▸ **Exercise instructions**
Reproduce, from the lines below, exactly the stretch that begins at the line containing "(\<Sum>j. (1/2) ^" and ends at the line containing "(1/2::real) ^ k l) \<le>", both included.

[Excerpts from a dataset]
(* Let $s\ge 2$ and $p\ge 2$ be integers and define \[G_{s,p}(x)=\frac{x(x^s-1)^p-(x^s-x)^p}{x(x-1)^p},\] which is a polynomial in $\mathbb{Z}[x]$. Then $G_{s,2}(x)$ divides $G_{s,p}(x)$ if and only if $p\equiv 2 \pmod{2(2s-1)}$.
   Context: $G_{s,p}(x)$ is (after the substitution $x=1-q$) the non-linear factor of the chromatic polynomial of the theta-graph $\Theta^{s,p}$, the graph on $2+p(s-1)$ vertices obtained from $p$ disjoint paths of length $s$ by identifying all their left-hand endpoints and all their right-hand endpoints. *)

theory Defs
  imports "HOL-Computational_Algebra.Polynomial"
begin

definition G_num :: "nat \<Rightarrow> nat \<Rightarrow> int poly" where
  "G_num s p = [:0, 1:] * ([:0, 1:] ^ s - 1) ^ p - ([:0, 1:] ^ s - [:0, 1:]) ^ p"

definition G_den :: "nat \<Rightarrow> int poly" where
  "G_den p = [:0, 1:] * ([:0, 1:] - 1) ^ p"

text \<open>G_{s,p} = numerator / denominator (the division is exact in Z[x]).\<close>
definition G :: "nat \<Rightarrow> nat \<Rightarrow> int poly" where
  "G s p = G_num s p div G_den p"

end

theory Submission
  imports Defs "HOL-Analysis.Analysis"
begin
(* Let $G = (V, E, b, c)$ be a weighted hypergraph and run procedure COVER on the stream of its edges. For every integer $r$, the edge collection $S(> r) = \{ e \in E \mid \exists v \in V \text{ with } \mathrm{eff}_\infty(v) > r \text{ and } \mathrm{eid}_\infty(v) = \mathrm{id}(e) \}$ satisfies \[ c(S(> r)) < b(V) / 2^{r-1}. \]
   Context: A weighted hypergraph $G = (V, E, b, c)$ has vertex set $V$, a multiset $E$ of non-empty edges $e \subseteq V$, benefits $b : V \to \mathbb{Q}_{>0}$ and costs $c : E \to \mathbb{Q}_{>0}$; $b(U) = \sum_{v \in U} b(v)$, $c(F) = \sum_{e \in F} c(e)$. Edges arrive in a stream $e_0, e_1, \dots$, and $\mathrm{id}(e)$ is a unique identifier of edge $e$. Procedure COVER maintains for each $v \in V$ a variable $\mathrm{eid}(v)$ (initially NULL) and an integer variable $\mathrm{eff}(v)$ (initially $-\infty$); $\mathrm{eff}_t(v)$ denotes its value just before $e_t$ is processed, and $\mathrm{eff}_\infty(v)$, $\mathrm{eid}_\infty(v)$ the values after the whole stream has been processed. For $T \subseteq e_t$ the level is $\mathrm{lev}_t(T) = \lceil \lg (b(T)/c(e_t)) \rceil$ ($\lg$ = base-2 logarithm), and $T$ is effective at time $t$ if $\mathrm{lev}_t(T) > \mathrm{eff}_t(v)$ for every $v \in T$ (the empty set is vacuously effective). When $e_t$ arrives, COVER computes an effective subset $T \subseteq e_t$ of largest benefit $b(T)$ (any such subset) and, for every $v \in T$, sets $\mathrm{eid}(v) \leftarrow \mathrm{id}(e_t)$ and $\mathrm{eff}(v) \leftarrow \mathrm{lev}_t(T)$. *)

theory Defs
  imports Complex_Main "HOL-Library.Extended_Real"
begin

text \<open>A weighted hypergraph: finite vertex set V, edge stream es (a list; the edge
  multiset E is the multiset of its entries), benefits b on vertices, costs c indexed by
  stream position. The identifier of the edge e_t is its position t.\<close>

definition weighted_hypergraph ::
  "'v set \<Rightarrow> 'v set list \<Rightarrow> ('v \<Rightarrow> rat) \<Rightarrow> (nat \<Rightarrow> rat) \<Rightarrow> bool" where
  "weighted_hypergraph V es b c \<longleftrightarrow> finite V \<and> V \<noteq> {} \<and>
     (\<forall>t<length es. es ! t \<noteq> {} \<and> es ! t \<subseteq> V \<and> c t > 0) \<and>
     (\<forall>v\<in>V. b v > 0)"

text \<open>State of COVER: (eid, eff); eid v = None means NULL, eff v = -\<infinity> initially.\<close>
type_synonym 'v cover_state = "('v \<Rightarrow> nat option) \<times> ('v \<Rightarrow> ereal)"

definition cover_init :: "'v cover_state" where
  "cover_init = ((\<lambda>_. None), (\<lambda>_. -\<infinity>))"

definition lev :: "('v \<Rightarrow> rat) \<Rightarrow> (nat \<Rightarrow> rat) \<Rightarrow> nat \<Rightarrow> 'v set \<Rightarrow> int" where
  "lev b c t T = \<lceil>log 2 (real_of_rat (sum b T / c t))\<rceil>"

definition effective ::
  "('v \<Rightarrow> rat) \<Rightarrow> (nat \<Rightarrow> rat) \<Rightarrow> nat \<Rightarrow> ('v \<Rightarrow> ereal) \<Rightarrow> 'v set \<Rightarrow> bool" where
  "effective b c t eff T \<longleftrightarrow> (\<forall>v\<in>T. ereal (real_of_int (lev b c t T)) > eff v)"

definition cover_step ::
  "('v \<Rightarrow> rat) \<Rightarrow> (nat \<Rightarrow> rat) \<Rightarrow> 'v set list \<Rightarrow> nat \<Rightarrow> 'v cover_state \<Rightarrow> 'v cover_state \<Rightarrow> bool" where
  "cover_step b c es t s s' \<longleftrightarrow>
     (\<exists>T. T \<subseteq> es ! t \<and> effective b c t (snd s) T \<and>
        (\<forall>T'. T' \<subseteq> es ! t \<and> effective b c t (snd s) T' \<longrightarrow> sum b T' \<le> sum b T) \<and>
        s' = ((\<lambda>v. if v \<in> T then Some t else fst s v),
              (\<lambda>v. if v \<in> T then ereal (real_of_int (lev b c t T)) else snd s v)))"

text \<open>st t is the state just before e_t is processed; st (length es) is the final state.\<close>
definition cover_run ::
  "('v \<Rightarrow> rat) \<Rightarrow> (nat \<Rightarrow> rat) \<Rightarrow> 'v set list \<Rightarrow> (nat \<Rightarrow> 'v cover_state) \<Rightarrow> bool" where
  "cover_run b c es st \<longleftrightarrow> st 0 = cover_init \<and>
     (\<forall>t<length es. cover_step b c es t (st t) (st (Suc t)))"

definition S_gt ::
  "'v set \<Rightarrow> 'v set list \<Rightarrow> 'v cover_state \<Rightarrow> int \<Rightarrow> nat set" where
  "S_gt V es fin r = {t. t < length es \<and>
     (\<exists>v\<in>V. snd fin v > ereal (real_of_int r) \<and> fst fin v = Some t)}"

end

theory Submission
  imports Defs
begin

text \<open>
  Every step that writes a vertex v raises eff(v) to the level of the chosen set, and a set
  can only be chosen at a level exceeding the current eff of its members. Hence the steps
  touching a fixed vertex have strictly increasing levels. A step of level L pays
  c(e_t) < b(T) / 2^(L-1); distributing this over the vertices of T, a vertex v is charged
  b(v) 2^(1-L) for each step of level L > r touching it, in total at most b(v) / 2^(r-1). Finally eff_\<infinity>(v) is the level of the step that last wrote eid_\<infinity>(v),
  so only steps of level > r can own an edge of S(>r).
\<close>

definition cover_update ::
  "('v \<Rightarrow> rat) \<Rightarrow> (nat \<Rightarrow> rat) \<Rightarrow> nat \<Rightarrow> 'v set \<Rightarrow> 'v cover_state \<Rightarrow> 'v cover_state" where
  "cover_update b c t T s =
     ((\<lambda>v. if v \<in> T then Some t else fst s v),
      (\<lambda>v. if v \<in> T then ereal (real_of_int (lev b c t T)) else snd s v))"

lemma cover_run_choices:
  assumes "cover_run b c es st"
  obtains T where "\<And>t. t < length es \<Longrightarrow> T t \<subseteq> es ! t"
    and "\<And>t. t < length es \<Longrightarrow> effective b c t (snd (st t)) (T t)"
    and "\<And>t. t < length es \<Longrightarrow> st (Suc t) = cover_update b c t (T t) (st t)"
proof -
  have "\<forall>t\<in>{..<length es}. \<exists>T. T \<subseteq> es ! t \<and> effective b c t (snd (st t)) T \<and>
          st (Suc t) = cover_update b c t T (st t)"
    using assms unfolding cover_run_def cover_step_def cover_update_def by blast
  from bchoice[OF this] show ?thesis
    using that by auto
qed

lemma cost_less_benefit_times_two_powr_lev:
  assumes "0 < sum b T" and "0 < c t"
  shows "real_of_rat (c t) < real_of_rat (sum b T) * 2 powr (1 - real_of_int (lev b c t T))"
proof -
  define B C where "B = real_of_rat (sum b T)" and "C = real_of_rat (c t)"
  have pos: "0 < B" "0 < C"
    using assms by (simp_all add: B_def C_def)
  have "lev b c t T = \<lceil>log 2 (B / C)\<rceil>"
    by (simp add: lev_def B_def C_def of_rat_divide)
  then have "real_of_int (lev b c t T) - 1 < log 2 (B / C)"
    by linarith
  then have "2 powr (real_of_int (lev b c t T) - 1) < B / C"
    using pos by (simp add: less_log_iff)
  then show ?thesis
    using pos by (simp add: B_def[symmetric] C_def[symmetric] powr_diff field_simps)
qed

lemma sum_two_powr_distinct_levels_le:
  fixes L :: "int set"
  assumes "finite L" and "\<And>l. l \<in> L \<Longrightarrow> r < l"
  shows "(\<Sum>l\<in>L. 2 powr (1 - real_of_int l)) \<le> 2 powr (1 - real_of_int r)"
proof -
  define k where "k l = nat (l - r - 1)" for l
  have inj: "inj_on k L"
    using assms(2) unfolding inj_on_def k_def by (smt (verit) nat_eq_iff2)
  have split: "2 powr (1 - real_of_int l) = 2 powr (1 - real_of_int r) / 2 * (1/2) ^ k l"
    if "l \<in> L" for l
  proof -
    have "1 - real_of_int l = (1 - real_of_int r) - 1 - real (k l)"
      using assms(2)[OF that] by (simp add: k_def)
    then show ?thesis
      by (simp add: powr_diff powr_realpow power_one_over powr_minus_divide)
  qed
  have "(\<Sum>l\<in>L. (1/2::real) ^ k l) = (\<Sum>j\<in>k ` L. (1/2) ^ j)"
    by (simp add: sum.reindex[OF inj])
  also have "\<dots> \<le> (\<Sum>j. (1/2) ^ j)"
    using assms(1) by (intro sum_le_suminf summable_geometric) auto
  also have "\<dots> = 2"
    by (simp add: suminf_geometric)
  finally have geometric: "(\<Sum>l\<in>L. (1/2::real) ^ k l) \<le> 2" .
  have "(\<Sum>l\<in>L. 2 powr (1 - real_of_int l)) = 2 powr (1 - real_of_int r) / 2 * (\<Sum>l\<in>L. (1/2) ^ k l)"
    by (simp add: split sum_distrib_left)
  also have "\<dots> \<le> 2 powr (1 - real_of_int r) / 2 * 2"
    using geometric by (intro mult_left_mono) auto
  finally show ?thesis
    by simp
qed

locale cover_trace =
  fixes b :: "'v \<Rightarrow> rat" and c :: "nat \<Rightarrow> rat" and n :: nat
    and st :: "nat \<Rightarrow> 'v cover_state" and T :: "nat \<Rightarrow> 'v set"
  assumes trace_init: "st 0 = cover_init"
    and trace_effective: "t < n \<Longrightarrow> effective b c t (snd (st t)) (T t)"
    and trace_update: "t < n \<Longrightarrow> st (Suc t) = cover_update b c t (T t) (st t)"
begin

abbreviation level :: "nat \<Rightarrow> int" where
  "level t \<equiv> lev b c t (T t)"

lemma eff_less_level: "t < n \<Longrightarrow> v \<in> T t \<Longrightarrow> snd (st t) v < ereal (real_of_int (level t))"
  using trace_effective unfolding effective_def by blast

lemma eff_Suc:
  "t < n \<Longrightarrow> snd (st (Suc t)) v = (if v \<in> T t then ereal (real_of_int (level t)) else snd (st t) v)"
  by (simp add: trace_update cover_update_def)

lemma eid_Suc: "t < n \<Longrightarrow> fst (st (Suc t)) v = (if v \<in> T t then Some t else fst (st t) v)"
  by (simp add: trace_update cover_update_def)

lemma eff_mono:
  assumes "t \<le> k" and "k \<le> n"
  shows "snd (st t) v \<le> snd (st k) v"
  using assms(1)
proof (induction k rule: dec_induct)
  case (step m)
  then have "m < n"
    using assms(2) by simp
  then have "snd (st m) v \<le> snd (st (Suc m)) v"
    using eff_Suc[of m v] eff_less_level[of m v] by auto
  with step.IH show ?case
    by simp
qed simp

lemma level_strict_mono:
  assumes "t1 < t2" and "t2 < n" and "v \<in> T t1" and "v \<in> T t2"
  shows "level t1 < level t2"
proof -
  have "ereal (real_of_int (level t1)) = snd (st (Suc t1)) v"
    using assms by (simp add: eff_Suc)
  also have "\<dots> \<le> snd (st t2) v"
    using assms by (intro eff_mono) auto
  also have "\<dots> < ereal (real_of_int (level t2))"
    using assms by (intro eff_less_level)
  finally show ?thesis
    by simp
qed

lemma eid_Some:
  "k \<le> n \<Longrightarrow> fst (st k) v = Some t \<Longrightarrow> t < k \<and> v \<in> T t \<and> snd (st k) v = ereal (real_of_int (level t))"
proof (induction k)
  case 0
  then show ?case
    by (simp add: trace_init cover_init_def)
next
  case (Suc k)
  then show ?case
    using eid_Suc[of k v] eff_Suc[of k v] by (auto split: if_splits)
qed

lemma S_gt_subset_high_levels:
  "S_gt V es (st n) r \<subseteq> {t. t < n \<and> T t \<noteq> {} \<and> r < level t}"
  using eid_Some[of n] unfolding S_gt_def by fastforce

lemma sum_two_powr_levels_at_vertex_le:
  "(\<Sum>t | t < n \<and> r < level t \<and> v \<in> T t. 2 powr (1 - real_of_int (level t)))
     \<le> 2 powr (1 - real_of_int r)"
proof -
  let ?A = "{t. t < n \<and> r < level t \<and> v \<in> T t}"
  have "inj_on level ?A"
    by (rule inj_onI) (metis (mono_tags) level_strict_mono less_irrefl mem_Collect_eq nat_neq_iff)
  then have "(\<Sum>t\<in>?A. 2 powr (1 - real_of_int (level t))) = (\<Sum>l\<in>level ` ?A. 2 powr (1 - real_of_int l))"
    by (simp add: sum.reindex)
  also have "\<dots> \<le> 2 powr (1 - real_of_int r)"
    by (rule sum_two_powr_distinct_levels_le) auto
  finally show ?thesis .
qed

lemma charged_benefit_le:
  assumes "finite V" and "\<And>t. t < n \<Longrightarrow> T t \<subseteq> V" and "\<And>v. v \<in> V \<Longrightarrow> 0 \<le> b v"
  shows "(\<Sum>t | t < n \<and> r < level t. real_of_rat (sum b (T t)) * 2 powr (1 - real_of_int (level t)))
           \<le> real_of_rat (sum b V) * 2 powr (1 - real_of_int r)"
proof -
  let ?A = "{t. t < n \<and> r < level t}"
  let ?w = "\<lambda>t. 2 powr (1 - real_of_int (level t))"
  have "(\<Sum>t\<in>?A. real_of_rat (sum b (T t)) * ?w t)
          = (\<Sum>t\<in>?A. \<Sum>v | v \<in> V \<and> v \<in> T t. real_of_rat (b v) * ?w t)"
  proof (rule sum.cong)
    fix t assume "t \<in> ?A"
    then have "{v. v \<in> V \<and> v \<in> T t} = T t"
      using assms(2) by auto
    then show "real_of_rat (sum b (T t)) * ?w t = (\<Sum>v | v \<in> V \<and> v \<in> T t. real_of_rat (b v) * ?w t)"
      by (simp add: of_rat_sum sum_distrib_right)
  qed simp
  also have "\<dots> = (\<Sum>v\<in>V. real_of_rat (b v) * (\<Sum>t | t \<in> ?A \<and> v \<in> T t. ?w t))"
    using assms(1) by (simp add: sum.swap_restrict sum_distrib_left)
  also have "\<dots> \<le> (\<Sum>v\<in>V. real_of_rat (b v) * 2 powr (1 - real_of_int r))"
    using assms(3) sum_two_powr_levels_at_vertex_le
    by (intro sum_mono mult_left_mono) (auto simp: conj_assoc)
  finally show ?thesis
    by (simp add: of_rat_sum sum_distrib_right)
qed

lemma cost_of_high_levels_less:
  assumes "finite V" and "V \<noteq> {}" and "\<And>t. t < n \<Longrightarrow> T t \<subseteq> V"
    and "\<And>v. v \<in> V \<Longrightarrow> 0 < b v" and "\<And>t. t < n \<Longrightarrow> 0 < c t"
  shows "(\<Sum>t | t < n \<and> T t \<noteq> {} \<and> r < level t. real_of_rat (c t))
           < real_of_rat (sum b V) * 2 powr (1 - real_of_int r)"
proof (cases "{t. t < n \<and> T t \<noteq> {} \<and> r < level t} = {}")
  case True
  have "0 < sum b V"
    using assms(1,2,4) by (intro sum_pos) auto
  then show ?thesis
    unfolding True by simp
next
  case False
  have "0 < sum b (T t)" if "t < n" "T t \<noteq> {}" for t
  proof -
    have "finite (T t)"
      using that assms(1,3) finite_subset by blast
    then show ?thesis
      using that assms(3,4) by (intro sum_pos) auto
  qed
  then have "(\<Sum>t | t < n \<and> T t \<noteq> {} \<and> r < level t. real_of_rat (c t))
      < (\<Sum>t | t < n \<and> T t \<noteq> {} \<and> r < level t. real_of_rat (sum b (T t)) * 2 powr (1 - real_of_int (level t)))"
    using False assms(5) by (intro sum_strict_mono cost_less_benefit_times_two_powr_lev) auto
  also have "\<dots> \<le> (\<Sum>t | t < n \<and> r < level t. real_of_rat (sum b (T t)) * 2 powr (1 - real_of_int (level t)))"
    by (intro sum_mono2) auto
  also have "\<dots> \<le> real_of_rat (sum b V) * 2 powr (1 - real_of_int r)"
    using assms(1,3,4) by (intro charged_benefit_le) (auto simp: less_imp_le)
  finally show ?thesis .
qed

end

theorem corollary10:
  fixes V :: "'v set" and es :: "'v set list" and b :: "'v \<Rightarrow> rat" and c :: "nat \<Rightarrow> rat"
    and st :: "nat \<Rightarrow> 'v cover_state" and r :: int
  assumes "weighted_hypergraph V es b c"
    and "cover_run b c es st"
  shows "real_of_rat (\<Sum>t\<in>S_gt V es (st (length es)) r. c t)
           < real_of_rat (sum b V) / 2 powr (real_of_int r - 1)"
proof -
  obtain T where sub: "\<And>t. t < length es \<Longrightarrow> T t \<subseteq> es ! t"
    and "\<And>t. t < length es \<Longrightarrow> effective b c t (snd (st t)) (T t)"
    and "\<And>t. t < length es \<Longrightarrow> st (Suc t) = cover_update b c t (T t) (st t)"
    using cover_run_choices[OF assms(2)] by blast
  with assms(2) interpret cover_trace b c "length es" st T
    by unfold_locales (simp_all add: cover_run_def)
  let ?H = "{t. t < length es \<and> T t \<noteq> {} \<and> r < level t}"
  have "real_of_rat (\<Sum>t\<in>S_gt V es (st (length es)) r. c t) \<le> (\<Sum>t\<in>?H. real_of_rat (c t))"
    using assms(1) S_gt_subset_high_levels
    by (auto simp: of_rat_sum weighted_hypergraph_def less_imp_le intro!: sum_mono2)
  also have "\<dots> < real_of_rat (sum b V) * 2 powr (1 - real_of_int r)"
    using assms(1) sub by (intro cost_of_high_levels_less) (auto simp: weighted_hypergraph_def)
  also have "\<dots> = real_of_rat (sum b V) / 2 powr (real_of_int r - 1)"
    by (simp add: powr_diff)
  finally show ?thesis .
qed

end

▸ **Exercise solution**
  also have "\<dots> \<le> (\<Sum>j. (1/2) ^ j)"
    using assms(1) by (intro sum_le_suminf summable_geometric) auto
  also have "\<dots> = 2"
    by (simp add: suminf_geometric)
  finally have geometric: "(\<Sum>l\<in>L. (1/2::real) ^ k l) \<le> 2" .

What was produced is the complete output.